Peki, “başkanlık” veya “partili cumhurbaşkanlığı” sevdasıyla yanıp tutuşan Tek Adam’ın tüylerini ürpertecek birinci fıkrada neler yazıyor?
“Devlet, istiklal ve cumhuriyetimizin emanet edildiği gençlerin müsbet ilmin ışığında, Atatürk ilke ve inkılapları doğrultusunda ve devletin ülkesi ve milletiyle bölünmez bütünlüğünü ortadan kaldırmayı amaç edinen görüşlere karşı yetişme ve gelişmelerini sağlayıcı tedbirleri alır.”
Ben sadece “müspet ilimlere” dikkati çekmekle yetiniyorum.
Anayasayı kendinize göre okur ve ona bağlılığınızı seçilmiş cümlelerden ibaret sayarsanız, onun adına “hukuk devleti” denilmez. Hukuk devletinde kurallar, sadece yönetilenleri değil yönetenleri de bağlar. Aksi takdirde, “başkanın” ya da Osmanlıya özlemle “padişahımız efendimizin” okumasına bağlı bir Anayasa’nın adına “RecepYasa” demekte de bir mahsur yoktur.

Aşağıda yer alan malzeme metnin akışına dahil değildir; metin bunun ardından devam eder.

(* Let $G$ be a group, $E$ a real Banach space, and $f\colon G\to E$ such that $\|f(xy)+f(xy^{-1})-2f(x)\|\le c$ for all $x,y\in G$, for some $c>0$. For $m\in\mathbb{N}$, $m\ge 2$, let $\varphi_m(x)=\lim_{k\to\infty}\frac{1}{m^k}f(x^{m^k})$. Then $\varphi_m\in KJ(G;E)$.
   Context: For such $f$ and $m\ge 2$ the limit defining $\varphi_m(x)$ exists in $E$ for every $x\in G$. $KJ(G;E)$ is the space of functions $g\colon G\to E$ for which there exists a constant $d>0$ with $\|g(xy)+g(xy^{-1})-2g(x)\|\le d$ for all $x,y\in G$. *)

theory Defs
  imports "HOL-Analysis.Analysis" "HOL-Algebra.Group"
begin

definition phi_lim :: "('a, 'c) monoid_scheme \<Rightarrow> ('a \<Rightarrow> 'b::real_normed_vector) \<Rightarrow> nat \<Rightarrow> 'a \<Rightarrow> 'b" where
  "phi_lim G f m x = lim (\<lambda>k. (1 / real (m ^ k)) *\<^sub>R f (x [^]\<^bsub>G\<^esub> (m ^ k)))"

definition KJ :: "('a, 'c) monoid_scheme \<Rightarrow> ('a \<Rightarrow> 'b::real_normed_vector) set" where
  "KJ G = {g. \<exists>d>0. \<forall>x\<in>carrier G. \<forall>y\<in>carrier G.
      norm (g (x \<otimes>\<^bsub>G\<^esub> y) + g (x \<otimes>\<^bsub>G\<^esub> inv\<^bsub>G\<^esub> y) - 2 *\<^sub>R g x) \<le> d}"

end

theory Submission
  imports Defs
begin

text \<open>Along the powers a^0, a^n, a^2n, ... of a fixed element the Jensen defect of f is a
  second difference, so f(a^mn) differs from m f(a^n) by a constant independent of a and n.
  Hence the increments of k \<mapsto> m^-k f(a^(m^k)) decay like m^-k, and \<phi>_m stays within a
  uniform distance of f. A bounded perturbation of a function with bounded Jensen defect
  again has bounded Jensen defect.\<close>

definition jensen_defect ::
    "('a, 'c) monoid_scheme \<Rightarrow> ('a \<Rightarrow> 'b::real_normed_vector) \<Rightarrow> 'a \<Rightarrow> 'a \<Rightarrow> 'b" where
  "jensen_defect G f x y = f (x \<otimes>\<^bsub>G\<^esub> y) + f (x \<otimes>\<^bsub>G\<^esub> inv\<^bsub>G\<^esub> y) - 2 *\<^sub>R f x"

lemma KJ_iff_bounded_jensen_defect:
  "g \<in> KJ G \<longleftrightarrow> (\<exists>d>0. \<forall>x\<in>carrier G. \<forall>y\<in>carrier G. norm (jensen_defect G g x y) \<le> d)"
  unfolding KJ_def jensen_defect_def by simp

lemma second_difference_bound:
  fixes h :: "nat \<Rightarrow> 'b::real_normed_vector"
  assumes second_diff: "\<And>j. norm (h (Suc (Suc j)) + h j - 2 *\<^sub>R h (Suc j)) \<le> c"
  shows "norm (h j - h 0 - real j *\<^sub>R (h 1 - h 0)) \<le> c * real j ^ 2"
proof -
  have "c \<ge> 0" using norm_ge_zero order_trans second_diff by blast
  have first_diff: "norm ((h (Suc j) - h j) - (h 1 - h 0)) \<le> c * real j" for j
  proof (induction j)
    case 0
    then show ?case by simp
  next
    case (Suc j)
    have "(h (Suc (Suc j)) - h (Suc j)) - (h 1 - h 0)
        = ((h (Suc j) - h j) - (h 1 - h 0)) + (h (Suc (Suc j)) + h j - 2 *\<^sub>R h (Suc j))"
      by (simp add: algebra_simps scaleR_2)
    also have "norm \<dots> \<le> c * real j + c"
      using norm_triangle_ineq Suc.IH second_diff by (rule order_trans[OF _ add_mono])
    finally show ?case by (simp add: algebra_simps)
  qed
  show ?thesis
  proof (induction j)
    case 0
    then show ?case by simp
  next
    case (Suc j)
    have "h (Suc j) - h 0 - real (Suc j) *\<^sub>R (h 1 - h 0)
        = (h j - h 0 - real j *\<^sub>R (h 1 - h 0)) + ((h (Suc j) - h j) - (h 1 - h 0))"
      by (simp add: algebra_simps)
    also have "norm \<dots> \<le> c * real j ^ 2 + c * real j"
      using norm_triangle_ineq Suc.IH first_diff by (rule order_trans[OF _ add_mono])
    also have "\<dots> \<le> c * real (Suc j) ^ 2"
      using \<open>c \<ge> 0\<close> by (simp add: power2_eq_square algebra_simps)
    finally show ?case .
  qed
qed

lemma norm_lim_sub_le_geometric:
  fixes u :: "nat \<Rightarrow> 'b::banach"
  assumes increments: "\<And>k. norm (u (Suc k) - u k) \<le> K * r ^ k" and "0 \<le> r" "r < 1"
  shows "norm (lim u - u 0) \<le> K / (1 - r)"
proof -
  have geometric: "(\<lambda>k. K * r ^ k) sums (K / (1 - r))"
    using sums_mult[OF geometric_sums, of r K] assms(2,3) by simp
  have summable_norms: "summable (\<lambda>k. norm (u (Suc k) - u k))"
    using increments by (intro summable_comparison_test[OF _ sums_summable[OF geometric]]) auto
  define s where "s = (\<Sum>k. u (Suc k) - u k)"
  have "(\<lambda>n. \<Sum>k<n. u (Suc k) - u k) \<longlonglongrightarrow> s"
    unfolding s_def using summable_LIMSEQ summable_norm_cancel[OF summable_norms] by blast
  then have "(\<lambda>n. u 0 + (u n - u 0)) \<longlonglongrightarrow> u 0 + s"
    unfolding sum_lessThan_telescope by (intro tendsto_add tendsto_const)
  then have "lim u = u 0 + s"
    by (intro limI) simp
  moreover have "norm s \<le> (\<Sum>k. norm (u (Suc k) - u k))"
    unfolding s_def using summable_norms by (rule summable_norm)
  moreover have "(\<Sum>k. norm (u (Suc k) - u k)) \<le> K / (1 - r)"
    unfolding sums_unique[OF geometric]
    using increments summable_norms sums_summable[OF geometric] by (rule suminf_le)
  ultimately show ?thesis by simp
qed

context group
begin

lemma jensen_defect_nat_pow:
  assumes "a \<in> carrier G"
  shows "jensen_defect G f (a [^] (Suc j * n)) (a [^] n)
    = f (a [^] (Suc (Suc j) * n)) + f (a [^] (j * n)) - 2 *\<^sub>R f (a [^] (Suc j * n))"
proof -
  have "a [^] (Suc j * n) \<otimes> a [^] n = a [^] (Suc (Suc j) * n)"
    using assms by (simp add: nat_pow_mult add.commute)
  moreover have "a [^] (Suc j * n) = a [^] (j * n) \<otimes> a [^] n"
    using assms by (simp add: nat_pow_mult add.commute)
  then have "a [^] (Suc j * n) \<otimes> inv (a [^] n) = a [^] (j * n)"
    using assms by (simp add: m_assoc)
  ultimately show ?thesis
    unfolding jensen_defect_def by simp
qed

lemma norm_nat_pow_mult_sub_le:
  assumes defect: "\<And>x y. x \<in> carrier G \<Longrightarrow> y \<in> carrier G \<Longrightarrow> norm (jensen_defect G f x y) \<le> c"
    and "a \<in> carrier G"
  shows "norm (f (a [^] (m * n)) - real m *\<^sub>R f (a [^] n))
    \<le> c * real m ^ 2 + \<bar>real m - 1\<bar> * norm (f \<one>)"
proof -
  have "norm (f (a [^] (j * n)) - f (a [^] (0 * n)) - real j *\<^sub>R (f (a [^] (1 * n)) - f (a [^] (0 * n))))
      \<le> c * real j ^ 2" for j
    using defect \<open>a \<in> carrier G\<close>
    by (intro second_difference_bound[where h = "\<lambda>j. f (a [^] (j * n))"])
       (metis jensen_defect_nat_pow nat_pow_closed)
  then have second_diff: "norm (f (a [^] (m * n)) - f \<one> - real m *\<^sub>R (f (a [^] n) - f \<one>))
      \<le> c * real m ^ 2"
    by simp
  have "f (a [^] (m * n)) - real m *\<^sub>R f (a [^] n)
      = (f (a [^] (m * n)) - f \<one> - real m *\<^sub>R (f (a [^] n) - f \<one>)) - (real m - 1) *\<^sub>R f \<one>"
    by (simp add: algebra_simps)
  also have "norm \<dots> \<le> c * real m ^ 2 + \<bar>real m - 1\<bar> * norm (f \<one>)"
    using norm_triangle_ineq4 second_diff by (rule order_trans[OF _ add_mono]) simp
  finally show ?thesis .
qed

lemma norm_phi_lim_sub_le:
  fixes f :: "'a \<Rightarrow> 'e::banach"
  assumes defect: "\<And>x y. x \<in> carrier G \<Longrightarrow> y \<in> carrier G \<Longrightarrow> norm (jensen_defect G f x y) \<le> c"
    and "a \<in> carrier G" and "m \<ge> 2"
  shows "norm (phi_lim G f m a - f a) \<le> (c * real m ^ 2 + (real m - 1) * norm (f \<one>)) / (real m - 1)"
proof -
  define K where "K = c * real m ^ 2 + (real m - 1) * norm (f \<one>)"
  define u where "u k = (1 / real (m ^ k)) *\<^sub>R f (a [^] (m ^ k))" for k
  have increments: "norm (u (Suc k) - u k) \<le> (K / real m) * (1 / real m) ^ k" for k
  proof -
    have "u (Suc k) - u k
        = (1 / real m ^ Suc k) *\<^sub>R (f (a [^] (m * m ^ k)) - real m *\<^sub>R f (a [^] (m ^ k)))"
      using \<open>m \<ge> 2\<close> unfolding u_def by (simp add: algebra_simps)
    moreover have "norm (f (a [^] (m * m ^ k)) - real m *\<^sub>R f (a [^] (m ^ k))) \<le> K"
      using norm_nat_pow_mult_sub_le[OF defect \<open>a \<in> carrier G\<close>, of m "m ^ k"] \<open>m \<ge> 2\<close>
      unfolding K_def by simp
    ultimately show ?thesis
      by (simp add: power_divide divide_right_mono)
  qed
  have "norm (lim u - u 0) \<le> (K / real m) / (1 - 1 / real m)"
    using \<open>m \<ge> 2\<close> by (intro norm_lim_sub_le_geometric[OF increments]) auto
  moreover have "(K / real m) / (1 - 1 / real m) = K / (real m - 1)"
    using \<open>m \<ge> 2\<close> by (simp add: field_simps)
  moreover have "lim u = phi_lim G f m a" "u 0 = f a"
    unfolding u_def phi_lim_def using \<open>a \<in> carrier G\<close> by simp_all
  ultimately show ?thesis
    unfolding K_def[symmetric] by metis
qed

lemma norm_jensen_defect_perturbation_le:
  assumes "norm (jensen_defect G f x y) \<le> c"
    and "\<And>z. z \<in> carrier G \<Longrightarrow> norm (g z - f z) \<le> B"
    and "x \<in> carrier G" "y \<in> carrier G"
  shows "norm (jensen_defect G g x y) \<le> c + 4 * B"
proof -
  define p q where "p = x \<otimes> y" and "q = x \<otimes> inv y"
  have "p \<in> carrier G" "q \<in> carrier G"
    unfolding p_def q_def using assms(3,4) by simp_all
  have "jensen_defect G g x y
      = jensen_defect G f x y + (g p - f p) + (g q - f q) - 2 *\<^sub>R (g x - f x)"
    unfolding jensen_defect_def p_def q_def by (simp add: algebra_simps)
  also have "norm \<dots> \<le> norm (jensen_defect G f x y) + norm (g p - f p) + norm (g q - f q)
      + 2 * norm (g x - f x)"
    by (intro order_trans[OF norm_triangle_ineq4] add_mono order_trans[OF norm_triangle_ineq]
        add_right_mono norm_triangle_ineq) simp_all
  also have "\<dots> \<le> c + B + B + 2 * B"
    using assms \<open>p \<in> carrier G\<close> \<open>q \<in> carrier G\<close> by (intro add_mono) auto
  finally show ?thesis by simp
qed

end

theorem lemma2p5:
  fixes G :: "('a, 'c) monoid_scheme" and f :: "'a \<Rightarrow> 'b::banach" and c :: real and m :: nat
  assumes "group G"
    and "c > 0"
    and "\<forall>x\<in>carrier G. \<forall>y\<in>carrier G.
           norm (f (x \<otimes>\<^bsub>G\<^esub> y) + f (x \<otimes>\<^bsub>G\<^esub> inv\<^bsub>G\<^esub> y) - 2 *\<^sub>R f x) \<le> c"
    and "m \<ge> 2"
  shows "phi_lim G f m \<in> KJ G"
proof -
  interpret group G by (rule assms(1))
  define B where "B = (c * real m ^ 2 + (real m - 1) * norm (f \<one>\<^bsub>G\<^esub>)) / (real m - 1)"
  have defect: "norm (jensen_defect G f x y) \<le> c" if "x \<in> carrier G" "y \<in> carrier G" for x y
    using assms(3) that unfolding jensen_defect_def by blast
  have "norm (phi_lim G f m z - f z) \<le> B" if "z \<in> carrier G" for z
    unfolding B_def using defect that assms(4) by (rule norm_phi_lim_sub_le)
  then have "norm (jensen_defect G (phi_lim G f m) x y) \<le> c + 4 * B"
    if "x \<in> carrier G" "y \<in> carrier G" for x y
    using defect that by (intro norm_jensen_defect_perturbation_le) auto
  moreover have "c + 4 * B > 0"
    unfolding B_def using assms(2,4) by (simp add: add_pos_nonneg)
  ultimately show ?thesis
    unfolding KJ_iff_bounded_jensen_defect by blast
qed

end
(* For all integers $m\ge1$ and $v\ge1$, the untwisted Dowker sum satisfies $$S_{m,v,1}:=\sum_{k=1}^{m-1}\csc^{2v}\!\left(\frac{k\pi}{m}\right)=2^{2v+1}\sum_{n=0}^{v-1}\left(\frac{m}{2\pi}\right)^{2v-2n}\frac{\Gamma(2v-2n)}{\Gamma(2v)}\,s(v,n)\left(1-\frac{1}{m^{2v-2n}}\right)\zeta(2v-2n).$$ In particular $S_{m,v,1}$ is a polynomial in $m^2$ of degree $v$ divisible by $m^2-1$.
   Context: For integers $v\ge1$ and $0\le n\le v-1$, $s(v,n)$ denotes the $n$-th elementary symmetric polynomial evaluated at $1^2,2^2,\dots,(v-1)^2$, with $s(v,0)=1$. $\zeta$ is the Riemann zeta function. Empty sums equal $0$. *)

theory Defs
  imports "HOL-Analysis.Analysis" "HOL-Computational_Algebra.Polynomial"
begin

definition esym_sq :: "nat \<Rightarrow> nat \<Rightarrow> real" where
  "esym_sq r n = (\<Sum>A\<in>{A. A \<subseteq> {1..<r} \<and> card A = n}. \<Prod>j\<in>A. (real j)^2)"

definition zeta_real :: "real \<Rightarrow> real" where
  "zeta_real s = (\<Sum>k. 1 / (real (Suc k)) powr s)"

definition dowker_sum :: "nat \<Rightarrow> nat \<Rightarrow> real" where
  "dowker_sum m r = (\<Sum>k\<in>{1..m-1}. inverse (sin (of_nat k * pi / of_nat m)) ^ (2*r))"

end

theory Submission
  imports Defs
begin

text \<open>
  For t not an integer let Q_k(t) = psi^(k)(t) + (-1)^(k+1) psi^(k)(1 - t), where psi^(k) is the
  k-th polygamma function (this is \<open>Polygamma_reflect k t\<close>). Differentiating the reflection
  formula of Gamma gives Q_0(t) = -pi cot(pi t), hence Q_1(t) = pi^2 csc^2(pi t), and Q_k' = Q_(k+1).
  The second derivative of csc^(2v)(pi t) is a combination of csc^(2v+2)(pi t) and csc^(2v)(pi t);
  this matches the recurrence s(v+1,n+1) = s(v,n+1) + v^2 s(v,n), so by induction on v

    (2v-1)! pi^(2v) csc^(2v)(pi t) = sum_(n<v) (2 pi)^(2n) s(v,n) Q_(2v-2n-1)(t).

  At t = k/m the sum over k is evaluated with the multiplication formula
  sum_(k=1..m-1) psi^(2s-1)(k/m) = (2s-1)! (m^(2s) - 1) zeta(2s), which comes from splitting the
  series of zeta(2s) into residue classes modulo m. The result is a polynomial in m^2 vanishing at
  m^2 = 1, whose leading coefficient is a positive multiple of zeta(2v).
\<close>

definition Polygamma_reflect :: "nat \<Rightarrow> real \<Rightarrow> real" where
  "Polygamma_reflect n t = Polygamma n t + (-1) ^ Suc n * Polygamma n (1 - t)"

Anayasa’da çalışanların yaşam düzeyinin yükseltilmesi, çalışanların ve işsizlerin korunması, adaletli bir ücret ve sosyal yardım elde etmelerinin sağlanması, sosyal güvenlik hakkı, sağlıklı bir çevrede yaşama hakkı, tarihi ve kültürel varlıkların korunması gibi pek çok konuda iktidarları bağlayıcı fakat işletilmeyen hükümler bulabilirsiniz.
Ancak Anayasa, “Herkes, önceden izin almadan, silahsız ve saldırısız toplantı ve gösteri yürüyüşü düzenleme hakkına sahiptir” (m.34/1) derken, Tek Adam’ın talimatıyla Taksim’deki çukuru, Silivri ve Çağlayan adliyelerindeki çalışma düzenini bahane edip, “toplantı ve gösteri yürüyüşü hakkını” kendinize göre okursanız, o okuduğunuzun adı “RecepYasa”dır.
Değiştirmek istediğiniz Anayasanın 2001 yılında yapılan düzenlemelerle madde metninden çıkarılan cümlesini yeniden uygulamaya koydunuz da bizim mi haberimiz olmadı?
Şöyleydi o cümle:
“Şehir düzeninin bozulmasını önlemek amacıyla yetkili idari merci, gösteri yürüyüşünün yapılacağı yer ve güzergahı tespit edebilir.”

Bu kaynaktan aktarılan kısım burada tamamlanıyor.